Barnes' Notes on the Bible

A brief dialogue; Song of Solomon 7:6-9 are spoken by the king, Song of Solomon 7:9 and Song of Solomon 7:10 by the bride.

Song of Solomon 7:6

A general sentiment.

How fair, and what a charm hast thou,

O love! Among delightsome things!

Compare Song of Solomon 2:7, note; Song of Solomon 8:6-7, note.

Song of Solomon 7:7

This thy stature - The king now addresses the bride, comparing her to palm, vine, and apple-tree for nobility of form and pleasantness of fruit; and the utterances of her mouth to sweetest wine.

Song of Solomon 7:9

For my beloved, that goeth down sweetly - Words of the bride interrupting the king, and finishing his sentence, that goeth smoothly or pleasantly for my beloved. Compare Proverbs 23:31.

Song of Solomon 7:10

His desire is toward me - All his affection has me for its object. The bride proceeds to exercise her power over his loving will.

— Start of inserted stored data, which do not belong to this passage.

text \<open>T is the upward heading (pi/2, or 5pi/2 when the start heading lies beyond 3pi/2) and d
  the angle the shorter rotation turns through to reach it.\<close>
lemma heading_normal_form:
  assumes P: "Pth \<in> {0..<2*pi}"
  obtains T d where "sin T = 1" "cos T = 0" "0 \<le> d" "d \<le> pi" "Pth = T - m_sign Pth * d"
    "min \<bar>Pth - pi/2\<bar> \<bar>Pth - 5*pi/2\<bar> = d"
    "\<And>rmin Py. o_y rmin Py Pth = Py + rmin * sin d"
    "\<And>c. d < pi \<Longrightarrow> -1 \<le> c \<Longrightarrow> c \<le> 1 \<Longrightarrow>
       \<bar>Pth - m_sign Pth * arccos c - n_off Pth\<bar> = \<bar>d - arcsin c\<bar>"
proof
  define T where "T = (if Pth < 3*pi/2 then pi/2 else 5*pi/2)"
  define m where "m = m_sign Pth"
  define d where "d = m * (T - Pth)"
  have m: "m = 1 \<or> m = -1"
    unfolding m_def by (rule m_sign_cases)
  show Pth: "Pth = T - m_sign Pth * d"
    using m by (auto simp: d_def m_def)
  have five: "5*pi/2 = pi/2 + 2*pi"
    by simp
  have "sin (5*pi/2) = 1" "cos (5*pi/2) = 0"
    unfolding five by (simp_all only: sin_periodic cos_periodic) simp_all
  then show sT: "sin T = 1" and cT: "cos T = 0"
    by (simp_all add: T_def)
  consider "Pth \<le> pi/2" | "pi/2 < Pth" "Pth < 3*pi/2" | "3*pi/2 \<le> Pth"
    by linarith
  then have "0 \<le> d \<and> d \<le> pi \<and> min \<bar>Pth - pi/2\<bar> \<bar>Pth - 5*pi/2\<bar> = d"
    by cases (use P in \<open>simp_all add: T_def m_def d_def m_sign_def\<close>)
  then show "0 \<le> d" "d \<le> pi" "min \<bar>Pth - pi/2\<bar> \<bar>Pth - 5*pi/2\<bar> = d"
    by auto
  have "cos Pth = cos (T - m * d)"
    using Pth m_def by metis
  also have "\<dots> = sin (m * d)"
    using sT cT by (simp add: cos_diff)
  finally have "cos Pth = sin (m * d)" .
  then have "m * cos Pth = sin d"
    using m by auto
  then show "o_y rmin Py Pth = Py + rmin * sin d" for rmin Py
    by (simp add: o_y_def m_def[symmetric])
  fix c :: real
  assume "d < pi" "-1 \<le> c" "c \<le> 1"
  then have ac: "arccos c = pi/2 - arcsin c"
    by (simp add: arccos_arcsin_eq)
  have "Pth \<noteq> 3*pi/2"
  proof
    assume "Pth = 3*pi/2"
    then have "d = pi"
      using P by (auto simp: d_def m_def T_def m_sign_def)
    with \<open>d < pi\<close> show False
      by simp
  qed
  then consider "Pth \<le> pi/2" | "pi/2 < Pth" "Pth < 3*pi/2" | "3*pi/2 < Pth"
    by fastforce
  then show "\<bar>Pth - m_sign Pth * arccos c - n_off Pth\<bar> = \<bar>d - arcsin c\<bar>"
    by cases
      (use P in \<open>simp_all add: T_def m_def d_def m_sign_def n_off_def ac abs_minus_commute\<close>)
qed

locale full_turn_then_straight =
  fixes rmin Px Py Pth T m d :: real
  assumes rmin_pos: "0 < rmin"
    and sin_T: "sin T = 1" and cos_T: "cos T = 0"
    and m_cases: "m = 1 \<or> m = -1"
    and d_nonneg: "0 \<le> d" and d_le_pi: "d \<le> pi"
    and start_heading: "Pth = T - m * d"
begin

definition turn_len :: real where
  "turn_len = rmin * d"

definition heading :: "real \<Rightarrow> real" where
  "heading s = Pth + m * (min s turn_len / rmin)"

definition xpos :: "real \<Rightarrow> real" where
  "xpos s = Px + integral {0..s} (\<lambda>u. cos (heading u))"

definition ypos :: "real \<Rightarrow> real" where
  "ypos s = Py + integral {0..s} (\<lambda>u. sin (heading u))"

definition center_y :: real where
  "center_y = Py + rmin * sin d"

lemma turn_len_nonneg: "0 \<le> turn_len"
  using rmin_pos d_nonneg by (simp add: turn_len_def)

lemma heading_eq: "heading s = T - m * max (d - s / rmin) 0"
proof -
  have "min s turn_len / rmin = min (s / rmin) d"
    using rmin_pos by (simp add: turn_len_def min_def divide_right_mono field_simps)
  then have "heading s = T - m * (d - min (s / rmin) d)"
    using start_heading unfolding heading_def by (simp only:) (simp add: algebra_simps)
  also have "d - min (s / rmin) d = max (d - s / rmin) 0"
    by (simp add: min_def max_def)
  finally show ?thesis .
qed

Clarke's Notes on the Bible

Verse 9. The roof of thy mouth like the best wine — The voice or conversation of the spouse is most probably what is meant.

Causing the lips of those that are asleep to speak. — As good wine has a tendency to cause the most backward to speak fluently when taken in moderation; so a sight of thee, and hearing the charms of thy conversation, is sufficient to excite the most taciturn to speak, and even to become eloquent in thy praises.